*** Opening Dataset entries ***

lemma df_rank_empty_Pspread:
  assumes "2 \<le> CARD('n::finite)"
  shows "df_rank (Pspread :: (real ^ 'n) set) {} = 0"
proof -
  have "Min ((\<lambda>x. int CARD('n) + 1 - int (pair_card x)) ` (disjoint_pairs :: ('n set \<times> 'n set) set)) = 1"
  proof (rule Min_eqI)
    obtain x :: "'n set \<times> 'n set" where x: "x \<in> disjoint_pairs" "pair_card x = CARD('n)"
      using exists_pair_card[OF assms order_refl] by blast
    show "1 \<in> (\<lambda>x. int CARD('n) + 1 - int (pair_card x)) ` (disjoint_pairs :: ('n set \<times> 'n set) set)"
      by (rule image_eqI[of _ _ x]) (use x in simp_all)
  next
    fix a assume "a \<in> (\<lambda>x. int CARD('n) + 1 - int (pair_card x)) ` (disjoint_pairs :: ('n set \<times> 'n set) set)"
    then obtain x :: "'n set \<times> 'n set" where "x \<in> disjoint_pairs" "a = int CARD('n) + 1 - int (pair_card x)"
      by blast
    then show "1 \<le> a" using pair_card_le_CARD[of x] by simp
  qed simp
  moreover have "({} :: (real ^ 'n) set) \<noteq> Pspread" using zero_mem_Pspread by blast
  ultimately show ?thesis by (simp add: df_rank_def aff_dims_proper_faces_Pspread)
qed

lemma df_lattice_Pspread_subset: "X \<in> df_lattice Pspread \<Longrightarrow> X \<subseteq> Pspread"
  using double_spread_face_proper(1) by (auto simp: df_lattice_Pspread)

lemma df_rank_Pspread: "df_rank (Pspread :: (real ^ 'n::finite) set) Pspread = int CARD('n)"
  by (simp add: df_rank_def)

lemma pair_card_less_of_double_spread_face_psubset:
  assumes x: "x \<in> disjoint_pairs" and y: "y \<in> disjoint_pairs"
    and "double_spread_face x \<subset> double_spread_face y"
  shows "pair_card y < pair_card x"
proof -
  have "y \<le> x \<or> prod.swap y \<le> x"
    using double_spread_face_subset_iff[OF x y] assms(3) by auto
  then obtain z where z: "z \<le> x" "z = y \<or> z = prod.swap y" by blast
  then have "z \<noteq> x" using assms(3) double_spread_face_swap[of y] by auto
  then have "pair_card z < pair_card x" using pair_card_less z(1) by blast
  moreover have "pair_card z = pair_card y" using z(2) pair_card_swap[of y] by auto
  ultimately show ?thesis by simp
qed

*** Closing Dataset entries ***

* **Problem statement**: All lines from the listing above that include "prod" should be shown.

* **Answer box**:
  have "y \<le> x \<or> prod.swap y \<le> x"
  then obtain z where z: "z \<le> x" "z = y \<or> z = prod.swap y" by blast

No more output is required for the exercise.